Thomas Campbell, the Metropolitan Museum of Art’s director, weighed in today on the two lawsuits that accuse the museum of purposely misleading the public about its $25 admission fee being merely a suggested contribution. In a statement posted on the museum’s website, Campbell says, “The recommended admission policy is clearly posted at all entry points to the Museum’s Main Building and The Cloisters, on all printed materials, and on our website.” All visitors have to do is read the fine print, and (allegedly) argue with museum staffers.
It does say “Recommended” in small type below the admission price on all of the museum’s signs.
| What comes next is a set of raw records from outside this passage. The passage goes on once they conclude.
(* Let the setting, algorithm and notation be as described in the context, suppose the constraint qualification holds and the optimization problem has a nonempty solution set. Assume $\tau\in(0,(1+\sqrt5)/2)$ and that for some $\alpha\in(\tau/\min(1+\tau,1+\tau^{-1}),1]$, \[ \widehat\Sigma_f+S\succeq0,\quad H_f\succeq0,\quad \tfrac12\Sigma_f+S+\sigma AA^*\succ0,\quad \tfrac12\widehat\Sigma_g+T\succeq0,\quad M_g\succ0 . \] Then the Majorized iPADMM has a worst-case $O(1/k)$ ergodic iteration-complexity, in the following sense: there is a constant $D\ge0$ independent of $k$ such that for every $k\ge2$, the ergodic point $\hat w^k:=(\hat x^k,\hat y^k,\hat z^k)$ satisfies \[ \big(p(\hat x^k)+q(\hat y^k)\big)-\big(p(x)+q(y)\big)+\langle\hat x^k-x,\nabla f(x)+Az\rangle+\langle\hat y^k-y,\nabla g(y)+Bz\rangle+\langle\hat z^k-z,-(A^*x+B^*y-c)\rangle\le\frac{D}{2k} \] for all $w=(x,y,z)\in\mathcal X\times\mathcal Y\times\mathcal Z$ with $\|w-\hat w^k\|\le1$; i.e. $\hat w^k$ is an $O(1/k)$-approximate solution of the associated variational inequality.
   Context: Let $\mathcal X,\mathcal Y,\mathcal Z$ be finite-dimensional real Euclidean spaces with inner products $\langle\cdot,\cdot\rangle$ and induced norms $\|\cdot\|$; on $\mathcal X\times\mathcal Y\times\mathcal Z$ use the product Euclidean norm. Let $p:\mathcal X\to(-\infty,+\infty]$ and $q:\mathcal Y\to(-\infty,+\infty]$ be closed proper convex functions, and let $f:\mathcal X\to\mathbb R$, $g:\mathcal Y\to\mathbb R$ be convex differentiable functions with Lipschitz continuous gradients. Let $A:\mathcal Z\to\mathcal X$, $B:\mathcal Z\to\mathcal Y$ be linear maps with adjoints $A^*,B^*$, and $c\in\mathcal Z$. The optimization problem is $\min_{x,y}\{p(x)+f(x)+q(y)+g(y): A^*x+B^*y=c\}$. Constraint qualification: there is $(x_0,y_0)\in\mathrm{ri}(\mathrm{dom}(p)\times\mathrm{dom}(q))$ with $A^*x_0+B^*y_0=c$. Let $\Sigma_f,\widehat\Sigma_f$ (on $\mathcal X$) and $\Sigma_g,\widehat\Sigma_g$ (on $\mathcal Y$) be self-adjoint positive semidefinite linear operators with $\widehat\Sigma_f\succeq\Sigma_f$, $\widehat\Sigma_g\succeq\Sigma_g$, such that for all $x,x'\in\mathcal X$, $y,y'\in\mathcal Y$: $f(x')+\langle x-x',\nabla f(x')\rangle+\frac12\|x-x'\|^2_{\Sigma_f}\le f(x)\le f(x')+\langle x-x',\nabla f(x')\rangle+\frac12\|x-x'\|^2_{\widehat\Sigma_f}$ and the analogous two inequalities for $g$ with $\Sigma_g,\widehat\Sigma_g$. For a self-adjoint (possibly indefinite) operator $G$, $\|u\|_G^2:=\langle u,Gu\rangle$. Algorithm (Majorized iPADMM): let $\sigma>0$, $\tau>0$, and let $S:\mathcal X\to\mathcal X$, $T:\mathcal Y\to\mathcal Y$ be self-adjoint, possibly indefinite, linear operators with $\widehat\Sigma_f+S+\sigma AA^*\succeq0$ and $\widehat\Sigma_g+T+\sigma BB^*\succeq0$. Starting from $(x^0,y^0,z^0)\in\mathrm{dom}(p)\times\mathrm{dom}(q)\times\mathcal Z$, for $k=0,1,\dots$: $x^{k+1}\in\arg\min_{x}\{p(x)+\langle\nabla f(x^k),x\rangle+\frac12\|x-x^k\|^2_{\widehat\Sigma_f+S}+\langle z^k,A^*x\rangle+\frac\sigma2\|A^*x+B^*y^k-c\|^2\}$, $y^{k+1}\in\arg\min_{y}\{q(y)+\langle\nabla g(y^k),y\rangle+\frac12\|y-y^k\|^2_{\widehat\Sigma_g+T}+\langle z^k,B^*y\rangle+\frac\sigma2\|A^*x^{k+1}+B^*y-c\|^2\}$, $z^{k+1}=z^k+\tau\sigma(A^*x^{k+1}+B^*y^{k+1}-c)$ (the minimizers are assumed to exist). Notation: $\tilde z^{i+1}:=z^i+\sigma(A^*x^{i+1}+B^*y^{i+1}-c)$; ergodic averages $\hat x^k:=\frac1k\sum_{i=1}^k x^{i+1}$, $\hat y^k:=\frac1k\sum_{i=1}^k y^{i+1}$, $\hat z^k:=\frac1k\sum_{i=1}^k\tilde z^{i+1}$; for $\alpha\in(0,1]$, $H_f:=\frac12\Sigma_f+S+\frac12(1-\alpha)\sigma AA^*$ and $M_g:=\frac12\Sigma_g+T+\min(\tau,1+\tau-\tau^2)\alpha\sigma BB^*$. *)

theory Defs
  imports "HOL-Analysis.Analysis" "HOL-Library.Extended_Real"
begin

definition epigraph_e :: "('a::real_normed_vector \<Rightarrow> ereal) \<Rightarrow> ('a \<times> real) set" where
  "epigraph_e p = {(x, t). p x \<le> ereal t}"

definition edom :: "('a \<Rightarrow> ereal) \<Rightarrow> 'a set" where
  "edom p = {x. p x < \<infinity>}"

definition closed_proper_convex :: "('a::real_normed_vector \<Rightarrow> ereal) \<Rightarrow> bool" where
  "closed_proper_convex p \<longleftrightarrow>
     closed (epigraph_e p) \<and> convex (epigraph_e p) \<and>
     (\<forall>x. p x \<noteq> -\<infinity>) \<and> (\<exists>x. p x \<noteq> \<infinity>)"

definition self_adjoint_op :: "('a::real_inner \<Rightarrow> 'a) \<Rightarrow> bool" where
  "self_adjoint_op G \<longleftrightarrow> linear G \<and> (\<forall>u v. G u \<bullet> v = u \<bullet> G v)"

definition qnorm :: "('a::real_inner \<Rightarrow> 'a) \<Rightarrow> 'a \<Rightarrow> real" where
  "qnorm G u = u \<bullet> G u"

definition psd_op :: "('a::real_inner \<Rightarrow> 'a) \<Rightarrow> bool" where
  "psd_op G \<longleftrightarrow> (\<forall>u. 0 \<le> qnorm G u)"

definition pd_op :: "('a::real_inner \<Rightarrow> 'a) \<Rightarrow> bool" where
  "pd_op G \<longleftrightarrow> (\<forall>u. u \<noteq> 0 \<longrightarrow> 0 < qnorm G u)"

end

theory Submission
  imports Defs
begin

(* Each iteration satisfies the one-step estimate
     Gap (j+1) w <= Psi j w - Psi (j+1) w,
   where the gap is the variational-inequality residual of (x^{j+2}, y^{j+2}, z~^{j+2}) against
   the test point w, and Psi j w collects |z^{j+1} - w|^2 / (2 tau sigma), the proximal distances of
   x^{j+1} and y^{j+1} to w, and residual terms.  The hypotheses on H_f and M_g are exactly what
   makes the indefinite proximal terms and the cross terms between consecutive residuals
   harmless.  Telescoping and Jensen's inequality bound the ergodic gap by Psi 0 w / k.
   Evaluated at a KKT point (which exists by the constraint qualification) Psi is nonincreasing,
   and positive definiteness turns this into boundedness of the iterates; so the ergodic points,
   and the test points within distance 1 of them, stay in a fixed ball on which Psi 0 is bounded. *)

section \<open>Quadratic forms of self-adjoint operators\<close>

lemma self_adjoint_op_linear: "self_adjoint_op G \<Longrightarrow> linear G"
  by (simp add: self_adjoint_op_def)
The website features the additional phrase “To help cover the costs of exhibitions, we ask that you please pay the full recommended amount.” Visitors are encouraged to save time buy buying tickets in advance online, and are only given the option of paying the suggested price. The incredibly fine print at the bottom of the page reads:
By agreeing to purchase these tickets in advance and online, you are agreeing to pay the full recommended admission of $25 for adults, $17 for senior citizens (65 and older) and $12 for students. If you would like to pay less than the recommended admission, please go directly to The Metropolitan Museum of Art to pay as you wish.
Campbell also says, “Should a visitor ask a cashier about the admission policy, the message is always equally clear: the amount is voluntary; please pay what you wish.” However, a former Met supervisor who plans to provide evidence in the suit told the Post recently that he was frequently told to threaten people who didn’t pay the full amount. “I arranged for security officers to forcibly remove the museum visitors who demanded entry without paying,” he said. It’s not hard to see how that might leave some visitors confused about the admissions policy.
The headline has been updated for clarity.